When he didn’t say anything more on his own, Hamnet prompted him: “Well, what did you see? You must have seen something, or you wouldn’t bother telling me you did sentry duty.”

“True enough.” Now Vulfolaic seemed impressed at how clever he was. Count Hamnet wanted to pound his head against the Glacier. After another pause, Vulfolaic went on, “I didn’t see the Rulers, no, but a big snowy owl flew around us. It must have known men well, for it stayed out of bowshot.”

He blinked when not only Hamnet but also Liv, Audun Gilli, and Ulric Skakki exclaimed. “That was the Rulers, looking us over,” Liv said.

“They won’t be back, either – that’s a sure thing,” Ulric said.

“Why not?” Audun didn’t follow.

The adventurer clicked his tongue between his teeth, as if surprised such naivete could exist. “Don’t be silly,” he said. “The owl will have taken one look, laughed till it almost fell out of the sky, and flown away. Why bother coming back? I’m surprised they bothered checking at all. A ragged bunch like us won’t give the Rulers any trouble even if we don’t end up frozen for our trouble.”

“Oh,” the wizard said in a small, unhappy voice. He didn’t try to argue.

Hamnet Thyssen wouldn’t have, either. He saw things the way Ulric did. He and his comrades were likely just putting off the inevitable – and, chances were, not for very long, either.

Trasamund sucked horse blood out of his mustache. “Let’s get going,” he said. “If we have to do this, we’ll do it.”

Hamnet admired his determination. Living up to it was something else again. Every muscle in his arms and legs and back groaned when he got moving. He’d done too much the day before, and he hadn’t slept on a feather bed after all. “I feel my age,” he said.

“If you weren’t old when you started this climb, you would be by the time you finished,” Ulric Skakki said, which also held a painful amount of truth.

Whether they could finish the climb grew less and less certain as the day wore along. The slope got steeper as they neared the top of the Glacier. They had to try several different ways to get around or over tilted blocks of ice. They’d taken harness trappings from the horses they killed. Those helped, but Hamnet wished the leather lines were longer.

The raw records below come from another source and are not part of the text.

text \<open>
  The state \<open>s\<^sub>t\<close> seen from an augmented state \<open>x\<close> of the \<open>d\<close>-CDMDP is Gaussian with mean
  \<open>fst x + (\<Sum>i<d. snd x i) / Lpi\<close> and standard deviation \<open>sig * sqrt d\<close>, because the
  transition kernels are translates of one normal law and normal laws are closed under
  convolution. The delayed reward of an action is therefore \<open>-LQ * Lpi * E\<bar>Z + u\<bar>\<close> with
  \<open>Z ~ N(0, sig\<^sup>2 d)\<close> and \<open>u\<close> affine in the action; by symmetry of \<open>Z\<close> this is maximal
  at \<open>u = 0\<close>, where it equals \<open>-LQ * Lpi * sig * sqrt d * sqrt (2 / pi)\<close>. This bound does not
  depend on the state, every policy pays at least it at every step and the (measurable)
  greedy policy pays exactly it, so the optimal value function of the \<open>d\<close>-CDMDP is the
  constant \<open>-LQ * Lpi * sig * sqrt d * sqrt (2 / pi) / (1 - gamma)\<close>. The theorem is the
  difference of two such constants.
\<close>

section \<open>Gaussian transition laws\<close>

lemma distr_normal_density_translate:
  "distr (density lborel (normal_density m s)) borel ((+) c) = density lborel (normal_density (c + m) s)"
proof -
  have "density lborel (normal_density (c + m) s)
      = density (distr lborel borel ((+) c)) (normal_density (c + m) s)"
    by (simp add: lborel_distr_plus)
  also have "\<dots> = distr (density lborel (\<lambda>x. normal_density (c + m) s (c + x))) borel ((+) c)"
    by (rule density_distr) auto
  also have "(\<lambda>x. ennreal (normal_density (c + m) s (c + x))) = normal_density m s"
    by (simp add: normal_density_def fun_eq_iff)
  finally show ?thesis ..
qed

lemma base_trans_eq_distr:
  "base_trans Lpi sig s a = distr (density lborel (normal_density 0 sig)) borel ((+) (s + a / Lpi))"
  by (simp add: base_trans_def distr_normal_density_translate)

lemma measurable_base_trans:
  assumes "0 < sig" and [measurable]: "f \<in> M \<rightarrow>\<^sub>M borel" "g \<in> M \<rightarrow>\<^sub>M borel"
  shows "(\<lambda>x. base_trans Lpi sig (f x) (g x)) \<in> M \<rightarrow>\<^sub>M prob_algebra borel"
proof -
  have "density lborel (normal_density 0 sig) \<in> space (prob_algebra borel)"
    using assms by (auto simp: space_prob_algebra prob_space_normal_density)
  then have "(\<lambda>x. distr (density lborel (normal_density 0 sig)) borel ((+) (f x + g x / Lpi)))
      \<in> M \<rightarrow>\<^sub>M prob_algebra borel"
    by measurable
  then show ?thesis by (simp add: base_trans_eq_distr)
qed
lemma conj_sum_eq_sum_min:
  "conj_sum lam k = (\<Sum>j\<in>{1..length lam}. min (part lam j) k)"
proof -
  have "conj_sum lam k = (\<Sum>i\<in>{1..k}. \<Sum>j\<in>{j. j \<in> {1..length lam} \<and> i \<le> part lam j}. 1)"
    unfolding conj_sum_def conj_part_def by (rule sum.cong) (auto intro: arg_cong[where f = card])
  also have "\<dots> = (\<Sum>j\<in>{1..length lam}. \<Sum>i\<in>{i. i \<in> {1..k} \<and> i \<le> part lam j}. 1)"
    by (rule sum.swap_restrict) auto
  also have "\<dots> = (\<Sum>j\<in>{1..length lam}. min (part lam j) k)"
  proof (rule sum.cong[OF refl])
    fix j
    have "{i. i \<in> {1..k} \<and> i \<le> part lam j} = {1..min (part lam j) k}" by auto
    then show "(\<Sum>i\<in>{i. i \<in> {1..k} \<and> i \<le> part lam j}. 1) = min (part lam j) k" by simp
  qed
  finally show ?thesis .
qed

lemma conj_sum_le:
  assumes "is_partition lam n"
  shows "conj_sum lam k \<le> n"
  unfolding conj_sum_eq_sum_min sum_part[OF assms, symmetric] by (rule sum_mono) simp

lemma conj_sum_eq_size:
  assumes "is_partition lam n" "part lam 1 \<le> k"
  shows "conj_sum lam k = n"
proof -
  have "min (part lam j) k = part lam j" if "j \<in> {1..length lam}" for j
    using that assms part_antimono[OF assms(1), of 1 j] by simp
  then show ?thesis
    unfolding conj_sum_eq_sum_min sum_part[OF assms(1), symmetric] by (rule sum.cong[OF refl])
qed
text \<open>Walking along a shortest path of the Dynkin diagram from \<open>\<Delta> - J\<close> to \<open>b\<close> gives a minimal coset
  representative \<open>v\<close>, built from the earlier vertices of the path, with \<open>inv v b\<close> positive outside
  \<open>J\<close> and \<open>x \<le>\<^sub>P v \<circ> x\<close> for all \<open>x \<in> W\<^sub>J\<close>.\<close>

lemma dynkin_reach_chain:
  assumes J: "J \<subseteq> \<Delta>"
  shows "b \<in> dynkin_reach J (Suc n) - dynkin_reach J n \<Longrightarrow>
    \<exists>v. v \<in> min_coset_reps R \<Delta> J \<and> v \<in> gen_group (dynkin_reach J n)
      \<and> inv v b \<in> pos_roots - parabolic_roots J \<and> (\<forall>x\<in>gen_group J. P_le R \<Delta> J x (v \<circ> x))"
proof (induction n arbitrary: b)
  case 0
  then have "b \<in> \<Delta> - J" by simp
  then have "inv id b \<in> pos_roots - parabolic_roots J"
    using simple_in_pos_roots simple_notin_parabolic_roots by (simp add: inv_id)
  moreover have "\<forall>x\<in>gen_group J. P_le R \<Delta> J x (id \<circ> x)" by (simp add: P_le_def)
  ultimately show ?case using id_min_coset_rep[OF J] gen_group_id by blast
next
  case (Suc n)
  have bD: "b \<in> \<Delta>" and bJ: "b \<in> J" using Suc.prems dynkin_reach_subset by auto
  obtain c where c: "c \<in> dynkin_reach J (Suc n) - dynkin_reach J n" "b \<bullet> c \<noteq> 0"
    using Suc.prems bD by auto
  have cD: "c \<in> \<Delta>" using c dynkin_reach_subset by blast
  obtain v where v: "v \<in> min_coset_reps R \<Delta> J" "v \<in> gen_group (dynkin_reach J n)"
    "inv v c \<in> pos_roots - parabolic_roots J" "\<forall>x\<in>gen_group J. P_le R \<Delta> J x (v \<circ> x)"
    using Suc.IH[OF c(1)] by blast
  have vW: "v \<in> W" using min_coset_reps_W[OF J v(1)] .
  have "b \<bullet> d = 0" if "d \<in> dynkin_reach J n" for d using that Suc.prems bD by auto
  then have "inv v b = b" using gen_group_orthogonal[OF gen_group_inv(1)[OF v(2)]] by blast
  then have "inv (rrefl c \<circ> v) b \<in> pos_roots - parabolic_roots J"
    using inv_rrefl_neighbour_outside[OF J vW bJ cD c(2) _ v(3)] inv_rrefl_comp[OF vW] by simp
  moreover have "rrefl c \<circ> v \<in> gen_group (dynkin_reach J (Suc n))"
    using gen_group_rrefl_comp[OF c(1)[THEN DiffD1]] v(2) gen_group_mono[OF dynkin_reach_mono] by blast
  ultimately show ?case
    using rrefl_comp_min_coset_rep(1)[OF J v(1) cD v(3)] P_le_chain_extend[OF J v(1) cD v(3,4)]
    by blast
qed

text \<open>When \<open>v\<close> fixes \<open>\<alpha>\<close>, \<open>v \<circ> s\<^sub>\<alpha> \<circ> s\<^bsub>inv v c\<^esub> = s\<^sub>\<alpha> \<circ> s\<^sub>c \<circ> v\<close>, and \<open>s\<^sub>\<alpha> \<circ> s\<^sub>c \<circ> v\<close> lies two
  length steps above \<open>v\<close> inside \<open>W\<^sup>J\<close> (the second step by \<open>inv_rrefl_neighbour_outside\<close>); so
  \<open>v \<circ> s\<^sub>\<alpha> \<lessdot> s\<^sub>\<alpha> \<circ> s\<^sub>c \<circ> v\<close> is a cover ending in \<open>W\<^sup>J\<close>.\<close>

lemma P_cover_rrefl_neighbour:
  assumes J: "J \<subseteq> \<Delta>" and v: "v \<in> min_coset_reps R \<Delta> J" and c: "c \<in> \<Delta>"
    and c_pos: "inv v c \<in> pos_roots - parabolic_roots J"
    and \<alpha>: "\<alpha> \<in> J" "\<alpha> \<bullet> c \<noteq> 0" and fix_\<alpha>: "v \<alpha> = \<alpha>"
  shows "rrefl \<alpha> \<circ> rrefl c \<circ> v \<in> min_coset_reps R \<Delta> J"
    and "P_cover R \<Delta> J (v \<circ> rrefl \<alpha>) (rrefl \<alpha> \<circ> rrefl c \<circ> v)"
proof -
  have vW: "v \<in> W" using min_coset_reps_W[OF J v] .
  have \<alpha>D: "\<alpha> \<in> \<Delta>" using \<alpha> J by auto
  have inv_fix: "inv v \<alpha> = \<alpha>" using fix_\<alpha> gen_group_inv_apply[OF vW, of \<alpha>] by simp
  note cv = rrefl_comp_min_coset_rep[OF J v c c_pos]
  have "inv (rrefl c \<circ> v) \<alpha> \<in> pos_roots - parabolic_roots J"
    using inv_rrefl_neighbour_outside[OF J vW \<alpha>(1) c _ inv_fix c_pos] \<alpha>(2) inv_rrefl_comp[OF vW]
    by (simp add: inner_commute)
  note acv = rrefl_comp_min_coset_rep[OF J cv(1) \<alpha>D this]
  then show "rrefl \<alpha> \<circ> rrefl c \<circ> v \<in> min_coset_reps R \<Delta> J" by (simp add: comp_assoc)
  let ?r = "inv v c"
  have ot: "orthogonal_transformation v" using orthogonal_transformation_gen_group[OF vW] .
  have eq: "v \<circ> rrefl \<alpha> \<circ> rrefl ?r = rrefl \<alpha> \<circ> rrefl c \<circ> v"
    using orthogonal_transformation_comp_rrefl[OF ot, of \<alpha>] orthogonal_transformation_comp_rrefl[OF ot, of ?r]
      fix_\<alpha> gen_group_apply_inv[OF vW] by (simp add: comp_assoc)
  have "len \<Delta> (v \<circ> rrefl \<alpha>) = len \<Delta> v + 1"
    using len_comp_rrefl_pos[OF vW \<alpha>D] fix_\<alpha> simple_in_pos_roots[OF \<alpha>D] by simp
  then have "len \<Delta> (v \<circ> rrefl \<alpha> \<circ> rrefl ?r) = len \<Delta> (v \<circ> rrefl \<alpha>) + 1"
    unfolding eq using cv(2) acv(2) by (simp add: comp_assoc)
  then have "bruhat_cover R \<Delta> (v \<circ> rrefl \<alpha>) (rrefl \<alpha> \<circ> rrefl c \<circ> v)"
    using bruhat_cover_comp_rrefl[OF gen_group_comp_rrefl[OF vW \<alpha>D]] eq c_pos pos_roots_in_R by fastforce
  then show "P_cover R \<Delta> J (v \<circ> rrefl \<alpha>) (rrefl \<alpha> \<circ> rrefl c \<circ> v)"
    using P_cover_to_min_coset_rep[OF J] acv(1) by (simp add: comp_assoc)
qed

lemma P_le_rrefl_parabolic_top:
  assumes irr: "irreducible_rs R" and J: "J \<subseteq> \<Delta>" "J \<noteq> \<Delta>" and \<alpha>: "\<alpha> \<in> J"
  shows "P_le R \<Delta> J (rrefl \<alpha>) (w0 \<circ> longest \<Delta> (gen_group J))"
proof -
  obtain n c where c: "c \<in> dynkin_reach J (Suc n) - dynkin_reach J n" "\<alpha> \<bullet> c \<noteq> 0"
    and \<alpha>_out: "\<alpha> \<notin> dynkin_reach J (Suc n)"
    using dynkin_reach_entry[OF irr J \<alpha>] .
  obtain v where v: "v \<in> min_coset_reps R \<Delta> J" "v \<in> gen_group (dynkin_reach J n)"
    "inv v c \<in> pos_roots - parabolic_roots J" "\<forall>x\<in>gen_group J. P_le R \<Delta> J x (v \<circ> x)"
    using dynkin_reach_chain[OF J(1) c(1)] by blast
  have cD: "c \<in> \<Delta>" using c dynkin_reach_subset by blast
  have "\<alpha> \<bullet> d = 0" if "d \<in> dynkin_reach J n" for d using that \<alpha>_out \<alpha> J(1) by auto
  then have "v \<alpha> = \<alpha>" using gen_group_orthogonal[OF v(2)] by blast
  note step = P_cover_rrefl_neighbour[OF J(1) v(1) cD v(3) \<alpha> c(2) this]
  have "P_le R \<Delta> J (rrefl \<alpha>) (v \<circ> rrefl \<alpha>)" using v(4) gen_group_rrefl[OF \<alpha>] by blast
  moreover have "P_le R \<Delta> J (rrefl \<alpha> \<circ> rrefl c \<circ> v) (w0 \<circ> longest \<Delta> (gen_group J))"
    using P_le_top[OF J(1) step(1)] .
  ultimately show ?thesis using step(2) unfolding P_le_def
    by (meson rtranclp.rtrancl_into_rtrancl rtranclp_trans)
qed


lemma len_rrefl_simple: "a \<in> \<Delta> \<Longrightarrow> len \<Delta> (rrefl a) = 1"
  using len_comp_rrefl_pos[OF gen_group_id, of a] simple_in_pos_roots by simp

lemma len_eq_1E:
  assumes w: "w \<in> W" and "len \<Delta> w = 1"
  obtains a where "a \<in> \<Delta>" "w = rrefl a"
proof -
  obtain ws where ws: "set ws \<subseteq> \<Delta>" "length ws = 1" "word ws = w" using reduced_wordE[OF w] assms(2) by metis
  then obtain a where "ws = [a]" by (cases ws) auto
  then show ?thesis using ws that by auto
qed

lemma bruhat_cover_id_iff:
  assumes u: "u \<in> W"
  shows "bruhat_cover R \<Delta> id u \<longleftrightarrow> (\<exists>\<alpha>\<in>\<Delta>. u = rrefl \<alpha>)"
proof
  assume "bruhat_cover R \<Delta> id u"
  then have "len \<Delta> u = 1" using bruhat_cover_len by fastforce
  then show "\<exists>\<alpha>\<in>\<Delta>. u = rrefl \<alpha>" using len_eq_1E[OF u] by metis
next
  assume "\<exists>\<alpha>\<in>\<Delta>. u = rrefl \<alpha>"
  then obtain \<alpha> where "\<alpha> \<in> \<Delta>" "u = rrefl \<alpha>" by blast
  then show "bruhat_cover R \<Delta> id u"
    using bruhat_cover_comp_rrefl[OF gen_group_id, of \<alpha>] len_rrefl_simple simple_subset_R by auto
qed

lemma P_le_rrefl_simple_top:
  assumes irr: "irreducible_rs R" and J: "J \<subseteq> \<Delta>" "J \<noteq> \<Delta>" and \<alpha>: "\<alpha> \<in> \<Delta>"
  shows "P_le R \<Delta> J (rrefl \<alpha>) (w0 \<circ> longest \<Delta> (gen_group J))"
proof (cases "\<alpha> \<in> J")
  case True
  then show ?thesis using P_le_rrefl_parabolic_top[OF irr J] by blast
next
  case False
  then have "\<forall>a\<in>J. rrefl \<alpha> a \<in> pos_roots"
    using rrefl_simple_pos_root[OF \<alpha> simple_in_pos_roots] J(1) by blast
  then have "rrefl \<alpha> \<in> min_coset_reps R \<Delta> J" using min_coset_reps_iff[OF J(1)] gen_group_rrefl[OF \<alpha>] by blast
  then show ?thesis using P_le_top[OF J(1)] by blast
qed

theorem bruhat_cover_id_P_le_top_iff:
  assumes "irreducible_rs R" and "J \<subseteq> \<Delta>" "J \<noteq> \<Delta>" and "u \<in> W"
  shows "(bruhat_cover R \<Delta> id u \<and> P_le R \<Delta> J u (w0 \<circ> longest \<Delta> (gen_group J))) \<longleftrightarrow> (\<exists>\<alpha>\<in>\<Delta>. u = rrefl \<alpha>)"
  using bruhat_cover_id_iff[OF assms(4)] P_le_rrefl_simple_top[OF assms(1-3)] by blast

“Careful!” he called when he saw a block shifting under Trasamund’s bulk. “You don’t want to start another avalanche.”

Trasamund held very still, then backed down instead of climbing on. The chunk of ice – bigger than he was – didn’t move any more. He nodded to Count Hamnet. “Thanks. I wouldn’t have had the chance to start more than one – that’s for sure.”

“Mm, no,” Hamnet said. “And what you started, the avalanche would finish.” Trasamund nodded again.

As they climbed higher, though, the Bizogots and Raumsdalians had to take more and more chances. It was either take them or have no way to go forward. They used what precautions they could. No one climbed right behind anyone else except when the going was uncommonly good or when there was no other choice. That way, if they did start an avalanche, it wouldn’t wipe out all of them. They hoped it wouldn’t, anyhow.

The long northern day helped. Even down in Nidaros, the sun would have set before they got close to the top of the Glacier. A mist coming off the frozen surface veiled the plains far below. “You know what someone looking up towards us would see?” Ulric Skakki said, pausing to pant atop an ice boulder as clear and sparkling as a jewel.